[Exercise instructions] Where does the string "Cons" occur in the records below? Copy every line that holds it.

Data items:
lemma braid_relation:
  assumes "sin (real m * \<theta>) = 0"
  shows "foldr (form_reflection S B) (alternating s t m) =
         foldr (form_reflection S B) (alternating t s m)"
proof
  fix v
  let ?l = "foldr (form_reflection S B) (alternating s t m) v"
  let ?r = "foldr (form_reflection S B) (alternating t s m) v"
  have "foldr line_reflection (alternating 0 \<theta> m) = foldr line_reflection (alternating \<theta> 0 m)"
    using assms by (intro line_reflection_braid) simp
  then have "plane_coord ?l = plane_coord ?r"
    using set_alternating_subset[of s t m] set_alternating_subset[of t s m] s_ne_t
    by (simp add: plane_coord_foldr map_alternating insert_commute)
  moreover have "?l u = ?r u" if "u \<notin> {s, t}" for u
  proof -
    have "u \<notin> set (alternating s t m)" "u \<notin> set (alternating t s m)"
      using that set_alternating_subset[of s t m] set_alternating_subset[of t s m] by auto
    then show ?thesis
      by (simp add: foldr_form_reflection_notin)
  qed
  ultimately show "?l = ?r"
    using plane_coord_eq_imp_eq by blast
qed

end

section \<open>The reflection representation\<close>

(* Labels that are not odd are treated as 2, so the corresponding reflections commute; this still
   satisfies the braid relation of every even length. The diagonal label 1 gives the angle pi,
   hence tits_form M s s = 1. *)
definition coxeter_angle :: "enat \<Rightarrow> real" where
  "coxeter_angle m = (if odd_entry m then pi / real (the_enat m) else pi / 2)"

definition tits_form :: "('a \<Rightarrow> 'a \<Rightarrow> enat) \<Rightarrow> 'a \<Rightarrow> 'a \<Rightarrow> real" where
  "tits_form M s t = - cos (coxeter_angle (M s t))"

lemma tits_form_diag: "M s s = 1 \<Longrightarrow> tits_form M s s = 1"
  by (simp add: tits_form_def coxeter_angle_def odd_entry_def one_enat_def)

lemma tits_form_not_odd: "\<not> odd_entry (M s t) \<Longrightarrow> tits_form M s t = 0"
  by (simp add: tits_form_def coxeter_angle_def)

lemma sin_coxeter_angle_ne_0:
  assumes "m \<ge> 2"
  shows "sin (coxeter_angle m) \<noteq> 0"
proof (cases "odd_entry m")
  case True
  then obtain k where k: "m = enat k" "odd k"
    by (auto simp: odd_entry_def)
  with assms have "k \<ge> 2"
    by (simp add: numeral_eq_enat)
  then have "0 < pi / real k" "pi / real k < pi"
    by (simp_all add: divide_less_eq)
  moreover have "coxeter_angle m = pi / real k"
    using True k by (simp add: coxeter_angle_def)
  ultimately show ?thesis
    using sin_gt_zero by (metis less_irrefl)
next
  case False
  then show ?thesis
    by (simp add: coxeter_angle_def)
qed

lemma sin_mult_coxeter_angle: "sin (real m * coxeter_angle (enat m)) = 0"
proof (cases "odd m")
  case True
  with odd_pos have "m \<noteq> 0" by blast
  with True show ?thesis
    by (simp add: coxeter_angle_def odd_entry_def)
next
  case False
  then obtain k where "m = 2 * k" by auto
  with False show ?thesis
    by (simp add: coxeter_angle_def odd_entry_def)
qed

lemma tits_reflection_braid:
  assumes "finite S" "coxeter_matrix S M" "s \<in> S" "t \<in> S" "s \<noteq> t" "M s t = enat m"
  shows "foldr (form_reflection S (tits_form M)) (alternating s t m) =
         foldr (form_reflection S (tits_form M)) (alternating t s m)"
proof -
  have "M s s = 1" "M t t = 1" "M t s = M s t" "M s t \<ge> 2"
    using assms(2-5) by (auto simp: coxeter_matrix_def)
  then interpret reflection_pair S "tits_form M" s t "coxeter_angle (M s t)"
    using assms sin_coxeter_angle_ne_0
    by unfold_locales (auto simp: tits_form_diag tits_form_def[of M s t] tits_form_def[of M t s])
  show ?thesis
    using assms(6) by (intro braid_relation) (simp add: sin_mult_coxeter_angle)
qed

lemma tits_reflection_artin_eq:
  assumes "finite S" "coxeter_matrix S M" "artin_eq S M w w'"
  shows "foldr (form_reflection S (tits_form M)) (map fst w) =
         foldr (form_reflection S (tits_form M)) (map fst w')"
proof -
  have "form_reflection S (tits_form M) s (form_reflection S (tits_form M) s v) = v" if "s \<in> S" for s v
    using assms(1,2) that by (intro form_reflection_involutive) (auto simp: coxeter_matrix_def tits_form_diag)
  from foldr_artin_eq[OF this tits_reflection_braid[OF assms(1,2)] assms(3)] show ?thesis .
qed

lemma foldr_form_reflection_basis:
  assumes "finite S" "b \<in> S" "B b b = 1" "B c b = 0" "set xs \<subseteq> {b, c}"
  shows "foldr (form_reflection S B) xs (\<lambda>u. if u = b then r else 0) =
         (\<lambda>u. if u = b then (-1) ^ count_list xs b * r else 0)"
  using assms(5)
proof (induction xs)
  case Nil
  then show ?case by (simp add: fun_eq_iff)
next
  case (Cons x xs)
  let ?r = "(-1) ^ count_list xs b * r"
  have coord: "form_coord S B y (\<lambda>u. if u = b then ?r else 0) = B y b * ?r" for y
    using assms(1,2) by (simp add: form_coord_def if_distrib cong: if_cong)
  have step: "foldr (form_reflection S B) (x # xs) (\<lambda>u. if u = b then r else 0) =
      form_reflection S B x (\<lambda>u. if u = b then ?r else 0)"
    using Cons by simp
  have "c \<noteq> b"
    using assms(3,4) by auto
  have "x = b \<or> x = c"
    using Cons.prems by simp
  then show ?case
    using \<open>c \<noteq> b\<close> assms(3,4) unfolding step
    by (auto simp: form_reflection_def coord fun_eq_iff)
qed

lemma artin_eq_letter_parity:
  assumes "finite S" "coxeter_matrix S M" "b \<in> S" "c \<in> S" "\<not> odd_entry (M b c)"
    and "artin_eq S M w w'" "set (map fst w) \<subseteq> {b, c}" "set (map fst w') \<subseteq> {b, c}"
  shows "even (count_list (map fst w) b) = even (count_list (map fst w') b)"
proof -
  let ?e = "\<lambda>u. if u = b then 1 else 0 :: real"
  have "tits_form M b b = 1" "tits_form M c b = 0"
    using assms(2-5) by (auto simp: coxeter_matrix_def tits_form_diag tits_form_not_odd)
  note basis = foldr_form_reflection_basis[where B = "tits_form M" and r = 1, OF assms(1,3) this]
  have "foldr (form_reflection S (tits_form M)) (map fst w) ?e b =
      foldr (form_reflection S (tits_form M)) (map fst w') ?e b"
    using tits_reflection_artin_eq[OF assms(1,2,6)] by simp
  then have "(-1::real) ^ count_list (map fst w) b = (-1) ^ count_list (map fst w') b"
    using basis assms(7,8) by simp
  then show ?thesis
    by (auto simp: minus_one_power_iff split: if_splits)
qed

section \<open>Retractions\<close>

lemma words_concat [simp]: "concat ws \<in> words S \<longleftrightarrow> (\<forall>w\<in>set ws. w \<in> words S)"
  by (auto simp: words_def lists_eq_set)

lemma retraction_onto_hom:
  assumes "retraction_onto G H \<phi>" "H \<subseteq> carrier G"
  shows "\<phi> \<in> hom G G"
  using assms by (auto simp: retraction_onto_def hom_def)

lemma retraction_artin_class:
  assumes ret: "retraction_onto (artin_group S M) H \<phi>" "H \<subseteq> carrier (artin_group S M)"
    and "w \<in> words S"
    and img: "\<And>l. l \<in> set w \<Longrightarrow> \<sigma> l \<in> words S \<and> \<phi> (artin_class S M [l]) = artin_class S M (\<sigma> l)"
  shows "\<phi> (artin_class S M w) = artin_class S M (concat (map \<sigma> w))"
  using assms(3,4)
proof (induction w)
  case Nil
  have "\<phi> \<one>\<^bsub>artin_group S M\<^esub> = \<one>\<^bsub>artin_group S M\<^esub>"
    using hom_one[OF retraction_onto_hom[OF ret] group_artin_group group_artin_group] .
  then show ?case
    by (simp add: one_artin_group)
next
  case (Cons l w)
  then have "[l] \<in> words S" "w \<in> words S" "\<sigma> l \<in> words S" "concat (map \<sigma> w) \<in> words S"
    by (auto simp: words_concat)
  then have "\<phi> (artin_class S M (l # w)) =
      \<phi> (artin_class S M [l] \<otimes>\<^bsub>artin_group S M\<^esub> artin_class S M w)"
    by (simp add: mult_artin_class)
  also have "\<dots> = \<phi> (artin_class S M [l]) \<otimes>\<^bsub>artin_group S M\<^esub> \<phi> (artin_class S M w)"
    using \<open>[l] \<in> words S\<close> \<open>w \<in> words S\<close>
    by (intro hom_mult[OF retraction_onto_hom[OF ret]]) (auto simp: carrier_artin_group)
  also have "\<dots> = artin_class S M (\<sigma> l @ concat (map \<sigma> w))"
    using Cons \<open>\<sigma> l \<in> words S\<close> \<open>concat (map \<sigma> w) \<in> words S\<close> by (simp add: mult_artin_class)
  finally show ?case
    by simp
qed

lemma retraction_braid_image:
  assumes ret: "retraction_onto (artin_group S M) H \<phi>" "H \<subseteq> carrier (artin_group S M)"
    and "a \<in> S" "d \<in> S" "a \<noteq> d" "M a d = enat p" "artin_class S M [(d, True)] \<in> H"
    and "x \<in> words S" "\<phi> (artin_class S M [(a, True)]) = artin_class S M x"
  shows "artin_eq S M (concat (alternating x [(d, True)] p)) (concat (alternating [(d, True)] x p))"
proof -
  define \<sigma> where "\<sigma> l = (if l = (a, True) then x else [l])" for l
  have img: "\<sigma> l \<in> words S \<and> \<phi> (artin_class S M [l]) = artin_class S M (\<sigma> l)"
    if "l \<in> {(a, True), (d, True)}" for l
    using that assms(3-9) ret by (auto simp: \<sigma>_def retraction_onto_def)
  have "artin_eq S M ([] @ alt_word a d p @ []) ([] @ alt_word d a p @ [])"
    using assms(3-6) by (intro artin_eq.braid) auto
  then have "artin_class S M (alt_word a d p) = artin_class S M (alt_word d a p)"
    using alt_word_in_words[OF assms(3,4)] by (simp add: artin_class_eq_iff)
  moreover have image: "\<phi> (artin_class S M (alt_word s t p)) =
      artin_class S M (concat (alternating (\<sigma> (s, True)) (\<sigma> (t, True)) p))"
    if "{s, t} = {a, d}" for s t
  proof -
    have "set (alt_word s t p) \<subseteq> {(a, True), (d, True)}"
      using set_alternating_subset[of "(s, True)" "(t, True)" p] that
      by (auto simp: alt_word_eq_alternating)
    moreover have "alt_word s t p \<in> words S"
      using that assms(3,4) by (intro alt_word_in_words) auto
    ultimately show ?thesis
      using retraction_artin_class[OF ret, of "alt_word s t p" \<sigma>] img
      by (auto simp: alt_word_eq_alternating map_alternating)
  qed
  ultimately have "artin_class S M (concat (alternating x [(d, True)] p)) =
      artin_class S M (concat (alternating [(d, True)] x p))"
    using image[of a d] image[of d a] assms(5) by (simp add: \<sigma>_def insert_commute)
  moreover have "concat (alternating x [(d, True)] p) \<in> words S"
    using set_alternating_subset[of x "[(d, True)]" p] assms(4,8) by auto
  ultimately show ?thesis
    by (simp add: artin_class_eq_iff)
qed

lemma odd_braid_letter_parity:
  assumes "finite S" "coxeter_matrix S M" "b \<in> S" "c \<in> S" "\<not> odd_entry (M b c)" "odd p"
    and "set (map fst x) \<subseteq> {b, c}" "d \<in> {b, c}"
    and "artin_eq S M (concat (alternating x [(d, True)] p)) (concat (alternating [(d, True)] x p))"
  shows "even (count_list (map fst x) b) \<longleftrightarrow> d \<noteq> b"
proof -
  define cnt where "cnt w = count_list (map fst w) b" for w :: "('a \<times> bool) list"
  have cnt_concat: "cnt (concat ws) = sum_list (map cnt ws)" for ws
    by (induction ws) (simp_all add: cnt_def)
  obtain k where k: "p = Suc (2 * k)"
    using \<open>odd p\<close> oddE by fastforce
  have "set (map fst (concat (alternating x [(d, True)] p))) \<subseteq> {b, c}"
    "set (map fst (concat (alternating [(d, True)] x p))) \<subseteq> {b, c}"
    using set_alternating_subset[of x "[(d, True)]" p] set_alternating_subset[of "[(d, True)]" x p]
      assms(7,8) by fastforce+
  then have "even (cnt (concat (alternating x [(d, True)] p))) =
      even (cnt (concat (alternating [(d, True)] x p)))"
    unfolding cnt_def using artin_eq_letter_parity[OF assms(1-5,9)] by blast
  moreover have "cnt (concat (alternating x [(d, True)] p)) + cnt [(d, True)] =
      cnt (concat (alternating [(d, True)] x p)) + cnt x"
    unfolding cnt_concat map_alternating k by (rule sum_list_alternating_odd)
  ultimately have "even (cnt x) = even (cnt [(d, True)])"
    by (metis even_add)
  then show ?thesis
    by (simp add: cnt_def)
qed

[Answer to this task]
  case (Cons x xs)
    using Cons by simp
    using Cons.prems by simp
  case (Cons l w)
    using Cons \<open>\<sigma> l \<in> words S\<close> \<open>concat (map \<sigma> w) \<in> words S\<close> by (simp add: mult_artin_class)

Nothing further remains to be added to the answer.